Inklusion ist ein Menschenrecht und alle sind gefordert, sich für die Teilhabe von Menschen mit Behinderung in der Gesellschaft einzusetzen. Neben Bund und Ländern stehen die Kommunen in der Verantwortung, entsprechende Rahmenbedingungen und Ressourcen zur Verfügung zu stellen, die die Umsetzung inklusiver Strukturen und Prozesse fördern. Mit einem Solidaritätsbeitrag von 1 Euro pro Bürger pro Jahr, zu finanzieren aus Steuergeldern in Stadt und Landkreis - könnte man unseren Aktionsplan umsetzen. Wir hoffen sehr, dass die Stadt und der Landkreis (im Landkreis haben bereits 20 Gemeinden zugesagt) uns diese Mittel zur Verfügung stellen.
Das Interview führte Petra Mayer


Das Programm zum 30. Geburtstag

Samstag, 22. Juli: ab 17 Uhr in der Moosstraße 114: Kulturfestival "Bands und Bradwörscht" mit den Gruppen 49 Grad (Punk und Alternative), IL (Post Core), Rakete Bangkok (Punkrock-Chansons) sowie (aus der Inklusiven Kulturwerkstatt) Sleeping Ann (Pop/Rock), Hörsturz (Percussion) und Wackelkontakt (Tanzcompagnie)

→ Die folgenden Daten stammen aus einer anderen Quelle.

lemma perms_pos_gt_0:
  assumes "e \<le> n+1" "e \<noteq> 0" shows "0 < pos P e"
proof (rule ccontr)
  assume "\<not> 0 < pos P e"
  then have "pos P e = pos P 0" using perms_pos_0 by simp
  then show False using perms_pos_inj[of e 0] assms by simp
qed

lemma mem_between_iff:
  assumes "a \<le> n+1" "b \<le> n+1"
  shows "e \<in> between P a b \<longleftrightarrow>
    e \<le> n+1 \<and> min (pos P a) (pos P b) \<le> pos P e \<and> pos P e \<le> max (pos P a) (pos P b)"
proof
  assume "e \<in> between P a b"
  then obtain i where i: "e = P!i" "min (pos P a) (pos P b) \<le> i" "i \<le> max (pos P a) (pos P b)"
    unfolding between_def by blast
  have "max (pos P a) (pos P b) \<le> n+1" using perms_pos_le assms by simp
  with i have "i \<le> n+1" by linarith
  then show "e \<le> n+1 \<and> min (pos P a) (pos P b) \<le> pos P e \<and> pos P e \<le> max (pos P a) (pos P b)"
    using i perms_pos_nth[of i] perms_nth_le[of i] by simp
next
  assume e: "e \<le> n+1 \<and> min (pos P a) (pos P b) \<le> pos P e \<and> pos P e \<le> max (pos P a) (pos P b)"
  then have "e = P ! pos P e" using perms_nth_pos by simp
  then show "e \<in> between P a b" unfolding between_def using e by (intro CollectI exI[of _ "pos P e"]) simp
qed

context
  fixes a b :: nat
  assumes ab: "a \<le> n+1" "b \<le> n+1"
begin

lemma between_subset: "between P a b \<subseteq> {0..n+1}"
proof
  fix e assume "e \<in> between P a b"
  then show "e \<in> {0..n+1}" using mem_between_iff[OF ab] by simp
qed

lemma finite_between: "finite (between P a b)"
  using between_subset finite_subset by blast

lemma left_mem_between: "a \<in> between P a b"
  using mem_between_iff[OF ab] ab by simp_all

lemma Min_between_mem: "Min (between P a b) \<in> between P a b"
  using finite_between left_mem_between by (metis Min_in empty_iff)

lemma Max_between_mem: "Max (between P a b) \<in> between P a b"
  using finite_between left_mem_between by (metis Max_in empty_iff)

lemma Min_between_le: "e \<in> between P a b \<Longrightarrow> Min (between P a b) \<le> e"
  using finite_between by simp

lemma Max_between_ge: "e \<in> between P a b \<Longrightarrow> e \<le> Max (between P a b)"
  using finite_between by simp

end

end

lemma between_commute: "between P a b = between P b a"
  unfolding between_def by (simp add: min.commute max.commute)

lemma between_eq_image: "between xs a b = (!) xs ` {min (pos xs a) (pos xs b)..max (pos xs a) (pos xs b)}"
  unfolding between_def by auto

lemma k_profile_eq_imp_extrema_eq:
  assumes "k_profile n k P = k_profile n k Q" "a < b" "b \<le> a + k" "b \<le> n+1"
  shows "Min (between P a b) = Min (between Q a b) \<and> Max (between P a b) = Max (between Q a b)"
proof -
  have "(a, a + (b-a), Min (between P a (a + (b-a))), Max (between P a (a+(b-a)))) \<in> k_profile n k P"
    unfolding k_profile_def using assms by (intro CollectI exI[of _ a] exI[of _ "b-a"]) auto
  then have "(a, b, Min (between P a b), Max (between P a b)) \<in> k_profile n k Q"
    using assms by simp
  then show ?thesis unfolding k_profile_def by auto
qed

definition extrema_agree :: "nat \<Rightarrow> nat \<Rightarrow> nat list \<Rightarrow> nat list \<Rightarrow> bool" where
  "extrema_agree n d P Q \<longleftrightarrow> (\<forall>a b. a \<le> n+1 \<longrightarrow> b \<le> n+1 \<longrightarrow> a \<noteq> b \<longrightarrow> a \<le> b + d \<longrightarrow> b \<le> a + d \<longrightarrow>
     Min (between P a b) = Min (between Q a b) \<and> Max (between P a b) = Max (between Q a b))"

lemma extrema_agree_commute: "extrema_agree n d P Q \<Longrightarrow> extrema_agree n d Q P"
  unfolding extrema_agree_def by metis
lemma q_add_eqI:
  assumes "unit_element smult {w. q_sim smult x w} u"
    and "x = smult a u" and "y = smult b u"
  shows "q_add smult x y = smult (a + b) u"
  unfolding q_add_def
proof (rule the_equality)
  show "\<exists>u' r s. unit_element smult {w. q_sim smult x w} u' \<and>
          x = smult r u' \<and> y = smult s u' \<and> smult (a + b) u = smult (r + s) u'"
    using assms by blast
next
  fix z
  assume "\<exists>u' r s. unit_element smult {w. q_sim smult x w} u' \<and>
            x = smult r u' \<and> y = smult s u' \<and> z = smult (r + s) u'"
  then obtain u' r s where u': "unit_element smult {w. q_sim smult x w} u'"
    and x: "x = smult r u'" and y: "y = smult s u'" and z: "z = smult (r + s) u'"
    by blast
  have scalar_unique: "smult l u = smult l' u \<Longrightarrow> l = l'" for l l'
    using assms(1) unfolding unit_element_def by blast
  from u' obtain c where c: "u' = smult c u"
    using assms(1) unfolding unit_element_def by blast
  have "a = r * c" using assms(2) x c by (auto simp: smult_smult intro: scalar_unique)
  moreover have "b = s * c" using assms(3) y c by (auto simp: smult_smult intro: scalar_unique)
  ultimately show "z = smult (a + b) u" using z c by (simp add: smult_smult distrib_right)
qed

end

locale quantity_space_basis =
  comm_mult_monoid mult one + scalable_mult_monoid mult one smult
  for mult :: "'q \<Rightarrow> 'q \<Rightarrow> 'q" and one :: 'q and smult :: "'k::field \<Rightarrow> 'q \<Rightarrow> 'q" +
  fixes es :: "'q list"
  assumes basis: "is_basis mult one smult es"
begin

abbreviation monomial :: "int list \<Rightarrow> 'q" where
  "monomial \<equiv> q_monomial mult one es"

abbreviation \<mu> :: "'q \<Rightarrow> 'k" where
  "\<mu> \<equiv> q_measure mult one smult es"

lemma basis_invertible: "\<forall>e\<in>set es. q_invertible mult one e"
  using basis unfolding is_basis_def by blast

lemma basis_expansion_exists:
  obtains mu ks where "length ks = length es" and "x = smult mu (monomial ks)"
  using basis unfolding is_basis_def by blast

lemma basis_expansion_unique:
  assumes "length ks = length es" and "length ls = length es"
    and "smult a (monomial ks) = smult b (monomial ls)"
  shows "a = b" and "ks = ls"
proof -
  let ?P = "\<lambda>(mu, ks'). length ks' = length es \<and> smult a (monomial ks) = smult mu (monomial ks')"
  have "\<exists>!p. ?P p"
    using basis unfolding is_basis_def by blast
  moreover have "?P (a, ks)" and "?P (b, ls)"
    using assms by simp_all
  ultimately have "(a, ks) = (b, ls)"
    by (metis (no_types, lifting))
  then show "a = b" and "ks = ls" by simp_all
qed

lemma q_measure_expansion:
  assumes "length ks = length es"
  shows "\<mu> (smult mu (monomial ks)) = mu"
  unfolding q_measure_def
  by (rule the_equality) (use assms basis_expansion_unique in blast)+

lemma q_sim_expansion_iff:
  assumes "length ks = length es" and "length ls = length es"
  shows "q_sim smult (smult a (monomial ks)) (smult b (monomial ls)) \<longleftrightarrow> ks = ls"
proof
  assume "q_sim smult (smult a (monomial ks)) (smult b (monomial ls))"
  then obtain c d where "smult (c * a) (monomial ks) = smult (d * b) (monomial ls)"
    unfolding q_sim_def by (auto simp: smult_smult)
  then show "ks = ls" using basis_expansion_unique assms by blast
next
  assume "ks = ls"
  then have "smult 0 (smult a (monomial ks)) = smult 0 (smult b (monomial ls))"
    by (simp add: smult_smult)
  then show "q_sim smult (smult a (monomial ks)) (smult b (monomial ls))"
    unfolding q_sim_def by blast
qed

lemma monomial_unit_element:
  assumes "length ks = length es"
  shows "unit_element smult {w. q_sim smult (smult a (monomial ks)) w} (monomial ks)"
proof -
  have sim_class_iff: "q_sim smult (smult a (monomial ks)) w \<longleftrightarrow> (\<exists>c. w = smult c (monomial ks))" for w
  proof -
    obtain c ls where ls: "length ls = length es" and w: "w = smult c (monomial ls)"
      by (rule basis_expansion_exists)
    have "(\<exists>c'. smult c (monomial ls) = smult c' (monomial ks)) \<longleftrightarrow> ls = ks"
      using assms ls basis_expansion_unique(2) by blast
    then show ?thesis
      using assms ls q_sim_expansion_iff by (auto simp: w)
  qed
  have "monomial ks = smult 1 (monomial ks)" by (simp add: smult_one)
  then show ?thesis
    unfolding unit_element_def
    using sim_class_iff basis_expansion_unique(1)[OF assms assms] by auto
qed

lemma q_measure_mult: "\<mu> (mult x y) = \<mu> x * \<mu> y"
proof -
  obtain a ks where ks: "length ks = length es" and x: "x = smult a (monomial ks)"
    by (rule basis_expansion_exists)
  obtain b ls where ls: "length ls = length es" and y: "y = smult b (monomial ls)"
    by (rule basis_expansion_exists)
  have "mult x y = smult (a * b) (monomial (map2 (+) ks ls))"
    using ks ls by (simp add: x y mult_smult_smult q_monomial_mult basis_invertible)
  then show ?thesis
    using ks ls by (simp add: x y q_measure_expansion)
qed

lemma q_measure_inverse:
  assumes "\<mu> x \<noteq> 0"
  shows "q_invertible mult one x \<and> \<mu> (q_inv mult one x) = inverse (\<mu> x)"
proof -
  obtain a ks where ks: "length ks = length es" and x: "x = smult a (monomial ks)"
    by (rule basis_expansion_exists)
  have "a \<noteq> 0" using assms ks by (simp add: x q_measure_expansion)
  define y where "y = smult (inverse a) (monomial (map uminus ks))"
  have "map2 (+) ks (map uminus ks) = replicate (length es) 0"
    unfolding ks[symmetric] by (induction ks) auto
  then have xy: "mult x y = one"
    using \<open>a \<noteq> 0\<close> ks
    by (simp add: x y_def mult_smult_smult q_monomial_mult basis_invertible
        q_monomial_zeros smult_one)
  then have yx: "mult y x = one" by (simp add: mult_commute)
  have "q_inv mult one x = y" using q_inv_eqI xy yx .
  moreover have "q_invertible mult one x" using xy yx unfolding q_invertible_def by blast
  ultimately show ?thesis using ks by (simp add: x y_def q_measure_expansion)
qed

lemma q_measure_smult: "\<mu> (smult l x) = l * \<mu> x"
proof -
  obtain a ks where "length ks = length es" and "x = smult a (monomial ks)"
    by (rule basis_expansion_exists)
  then show ?thesis by (simp add: smult_smult q_measure_expansion)
qed

lemma q_measure_add:
  assumes "q_sim smult x y"
  shows "\<mu> (q_add smult x y) = \<mu> x + \<mu> y"
proof -
  obtain a ks where ks: "length ks = length es" and x: "x = smult a (monomial ks)"
    by (rule basis_expansion_exists)
  obtain b ls where ls: "length ls = length es" and y: "y = smult b (monomial ls)"
    by (rule basis_expansion_exists)
  have "ls = ks" using assms ks ls q_sim_expansion_iff by (simp add: x y)
  then have "q_add smult x y = smult (a + b) (monomial ks)"
    using monomial_unit_element[OF ks] by (intro q_add_eqI) (simp_all add: x y)
  then show ?thesis using ks ls by (simp add: x y q_measure_expansion)
qed

end

theorem proposition3p14:
  fixes mult :: "'q \<Rightarrow> 'q \<Rightarrow> 'q" and one :: 'q and smult :: "'k::field \<Rightarrow> 'q \<Rightarrow> 'q"
    and es :: "'q list"
  assumes "quantity_space mult one smult"
    and "is_basis mult one smult es"
  shows "(\<forall>x y. q_measure mult one smult es (mult x y) =
                q_measure mult one smult es x * q_measure mult one smult es y)
       \<and> (\<forall>x. q_measure mult one smult es x \<noteq> 0 \<longrightarrow>
                q_invertible mult one x \<and>
                q_measure mult one smult es (q_inv mult one x) =
                  inverse (q_measure mult one smult es x))
       \<and> (\<forall>l x. q_measure mult one smult es (smult l x) =
                l * q_measure mult one smult es x)
       \<and> (\<forall>x y. q_sim smult x y \<longrightarrow>
                q_measure mult one smult es (q_add smult x y) =
                  q_measure mult one smult es x + q_measure mult one smult es y)"
proof -
  interpret quantity_space_basis mult one smult es
    using assms unfolding quantity_space_def scalable_monoid_def
    by unfold_locales blast+
  show ?thesis
    using q_measure_mult q_measure_inverse q_measure_smult q_measure_add by blast
qed

end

Sonntag, 23. Juli: 14 bis 20 Uhr; Sommerfest der Begegnung mit der Blaskapelle der Lebenshilfe Augsfeld, der
Partyband Die Rossinis und (aus der Inklusiven Kulturwerkstatt) dem Chor Die Singvögel, der Tanzgruppe Wackelkontakt und der Samba Gruppe Ramba Zamba. Für Kinder hält das Spielmobil in der Moosstraße.